Концерт
К О Н Ц Е Р Т
Р а с с к а з
Девятого мая объявили концерт в клубе. К Первому учителя организоваться не смогли, а тут новый заведующий клубом зачастил в школу, и после долгих отнекиваний ; конец четверти, конец года ; учительши согласились. Насобиралось номеров минут на сорок, накнопили объявления по Кайгородке.

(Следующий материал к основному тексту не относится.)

theorem corollary3:
  fixes I N k :: nat and T :: real
    and alpha beta gamma C ulo uhi x0 :: "nat \<Rightarrow> real"
    and w :: "nat \<Rightarrow> nat \<Rightarrow> real"
    and zeta clo chi :: "nat \<Rightarrow> real"
    and p :: "(nat \<Rightarrow> real) \<times> (nat \<Rightarrow> real)"
  assumes "I \<ge> 1" and "N \<ge> 2" and "T > 0"
    and "\<forall>i\<in>{1..I}. 0 < alpha i \<and> alpha i \<le> 1"
    and "\<forall>i\<in>{1..I}. 0 < beta i \<and> beta i \<le> 1"
    and "\<forall>i\<in>{1..I}. 0 < gamma i \<and> gamma i \<le> 1"
    and "\<forall>i\<in>{1..I}. C i \<ge> 0"
    and "\<forall>i\<in>{1..I}. ulo i < 0 \<and> 0 < uhi i"
    and "\<forall>i\<in>{1..I}. 0 \<le> x0 i \<and> x0 i \<le> C i"
    and eff: "efficient (MOP_feas I N k T alpha beta gamma C ulo uhi x0 w clo chi)
                (MOP_obj N zeta) 2 p"
    and not0: "\<not> scal_min (MOP_feas I N k T alpha beta gamma C ulo uhi x0 w clo chi) N zeta 0 p"
    and not1: "\<not> scal_min (MOP_feas I N k T alpha beta gamma C ulo uhi x0 w clo chi) N zeta 1 p"
  shows "geoffrion_properly_efficient (MOP_feas I N k T alpha beta gamma C ulo uhi x0 w clo chi)
           (MOP_obj N zeta) 2 p"
proof -
  let ?M = "MOP_feas I N k T alpha beta gamma C ulo uhi x0 w clo chi"
  have "p \<in> ?M" using eff by (simp add: efficient_def)
  then obtain q r where "q \<in> ?M" "MOP_obj N zeta 0 q < MOP_obj N zeta 0 p"
    and "r \<in> ?M" "MOP_obj N zeta 1 r < MOP_obj N zeta 1 p"
    using not0 not1 by (force simp: scal_min_def MOP_obj_def)
  then show ?thesis
    by (rule convexlike_on_properly_efficient[OF MOP_feas_convexlike eff])
qed

end
lemma monomial_unitary_column_support:
  assumes "monomial_unitary P"
  obtains i where "P $ i $ j \<noteq> 0" "\<And>m. m \<noteq> j \<Longrightarrow> P $ i $ m = 0"
proof -
  from assms have "\<exists>!i. P $ i $ j \<noteq> 0" unfolding monomial_unitary_def by simp
  then obtain i where i: "P $ i $ j \<noteq> 0" by (blast dest: ex1_implies_ex)
  from assms have "\<exists>!m. P $ i $ m \<noteq> 0" unfolding monomial_unitary_def by simp
  then obtain m0 where "\<And>m. P $ i $ m \<noteq> 0 \<Longrightarrow> m = m0" by (elim ex1E) blast
  with i have "P $ i $ m = 0" if "m \<noteq> j" for m using that by blast
  with i show ?thesis using that by blast
qed

lemma monomial_unitary_row_support:
  assumes "monomial_unitary Q"
  obtains j where "Q $ i $ j \<noteq> 0" "\<And>m. m \<noteq> i \<Longrightarrow> Q $ m $ j = 0"
proof -
  from assms have "\<exists>!j. Q $ i $ j \<noteq> 0" unfolding monomial_unitary_def by simp
  then obtain j where j: "Q $ i $ j \<noteq> 0" by (blast dest: ex1_implies_ex)
  from assms have "\<exists>!m. Q $ m $ j \<noteq> 0" unfolding monomial_unitary_def by simp
  then obtain m0 where "\<And>m. Q $ m $ j \<noteq> 0 \<Longrightarrow> m = m0" by (elim ex1E) blast
  with j have "Q $ m $ j = 0" if "m \<noteq> i" for m using that by blast
  with j show ?thesis using that by blast
qed

lemma monomial_sandwich_entries:
  fixes P V Q :: "complex^'n^'n"
  assumes "monomial_unitary P" "monomial_unitary Q"
  obtains \<sigma> \<tau> :: "'n \<Rightarrow> 'n" and p q :: "'n \<Rightarrow> complex"
  where "\<And>k v. (P ** V ** Q) $ \<sigma> k $ \<tau> v = p k * V $ k $ v * q v"
proof -
  have "\<exists>i. \<forall>m. m \<noteq> k \<longrightarrow> P $ i $ m = 0" for k
    using monomial_unitary_column_support[OF assms(1)] by metis
  then obtain \<sigma> where \<sigma>: "\<And>k m. m \<noteq> k \<Longrightarrow> P $ \<sigma> k $ m = 0" by metis
  have "\<exists>j. \<forall>m. m \<noteq> v \<longrightarrow> Q $ m $ j = 0" for v
    using monomial_unitary_row_support[OF assms(2)] by metis
  then obtain \<tau> where \<tau>: "\<And>v m. m \<noteq> v \<Longrightarrow> Q $ m $ \<tau> v = 0" by metis
  show ?thesis
  proof (rule that)
    show "(P ** V ** Q) $ \<sigma> k $ \<tau> v = P $ \<sigma> k $ k * V $ k $ v * Q $ v $ \<tau> v" for k v
      by (rule matrix_triple_product_entry) (use \<sigma> \<tau> in auto)
  qed
qed

lemma Hab_top_rows:
  assumes "k < 3" "v < 6"
  shows "Hab \<alpha> \<beta> $ of_nat k $ of_nat v = top_rows omega3 \<alpha> k v"
proof -
  have "Rep_bit0 (of_nat k :: 6) = int k" "Rep_bit0 (of_nat v :: 6) = int v"
    using assms by (simp_all add: bit0.of_nat_eq bit0.Abs_inverse)
  moreover have "k = 0 \<or> k = 1 \<or> k = 2" using assms(1) by auto
  ultimately show ?thesis unfolding Hab_def top_rows_def Let_def by auto
qed

lemma omega3_primitive: "omega3^3 = 1" "omega3 \<noteq> 1"
proof -
  show "omega3^3 = 1" unfolding omega3_def using Complex.DeMoivre[of "2 * pi / 3" 3] by simp
  have "sin (2 * pi / 3) > 0" by (rule sin_gt_zero) auto
  then show "omega3 \<noteq> 1" unfolding omega3_def by (auto simp: complex_eq_iff)
qed

theorem mainTheorem3:
  fixes a b :: complex
  assumes "norm a = 1" and "norm b = 1"
  shows "\<not> (\<exists>(H::complex^6^6) \<alpha> \<beta>.
            complex_hadamard H \<and> (\<forall>i j. H $ i $ j \<in> {1, a, b}) \<and>
            norm \<alpha> = 1 \<and> norm \<beta> = 1 \<and> complex_equivalent H (Hab \<alpha> \<beta>))"
proof
  assume "\<exists>(H::complex^6^6) \<alpha> \<beta>.
            complex_hadamard H \<and> (\<forall>i j. H $ i $ j \<in> {1, a, b}) \<and>
            norm \<alpha> = 1 \<and> norm \<beta> = 1 \<and> complex_equivalent H (Hab \<alpha> \<beta>)"
  then obtain H :: "complex^6^6" and \<alpha> \<beta> P Q where
    H: "\<forall>i j. H $ i $ j \<in> {1, a, b}" and "monomial_unitary P" "monomial_unitary Q"
    and "H = P ** Hab \<alpha> \<beta> ** Q"
    unfolding complex_equivalent_def by blast
  then obtain \<sigma> \<tau> p q where "\<And>k v. H $ \<sigma> k $ \<tau> v = p k * Hab \<alpha> \<beta> $ k $ v * q v"
    using monomial_sandwich_entries by metis
  then have entries: "p (of_nat k) * top_rows omega3 \<alpha> k v * q (of_nat v) \<in> {1, a, b}"
    if "k < 3" "v < 6" for k v
    using H Hab_top_rows[OF that] by metis
  have "0 \<notin> {1, a, b}" using assms by auto
  moreover have "card {1, a, b} \<le> 3" by (auto simp: card_insert_if)
  ultimately show False
    using top_rows_not_rescalable[OF _ _ _ omega3_primitive entries] by blast
qed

И вот загрохотала под ногами первых зрителей деревянная клубная лестница.
Сельчане шумно усаживались.
На первом ряду разместились прямые и торжественные фронтовики. Стены подпирала разнокалиберная молодёжь.
Доклада не было.
Вышла Аня Беляева, Гурия Кузьмича дочь, отличница. Громко доложила о начале концерта, с выражением прочитала стишок о войне и, разобравшись в складках плюшевого занавеса, скрылась. Раздались положенные хлопки. Славная у Гурия Кузьмича девчонка, да и сам мужик домовитый.
Рабочие сцены ; оба Коли Романовы, кайгородские дурачки ; растащили занавес в стороны, и к удовольствию публики, перед ней предстал хор из девочек и мальчиков. Стали громко узнавать артистов, будто видели их в первый раз. Но больше всего удивились Сашке Помазкову, самому шкодливому пацану на селе:
; Глянь, вона Плесень!
; Отлупцевать бы на сцене ; лучше номера не надо!
Принаряженный, с растопыренными ушами, стоял Помазок в первом ряду, широко лыбился, демонстрируя свои оставшиеся зубы. Казалось, что и на сцене-то он оказался не просто так, а с какой-нибудь каверзой. С другого края, чуть в сторонке, с трёхрядкой торжественно восседал на табуретке «концертмейстер» Миша Сивков, или Михаил Иванович. Но полностью его никто не величал.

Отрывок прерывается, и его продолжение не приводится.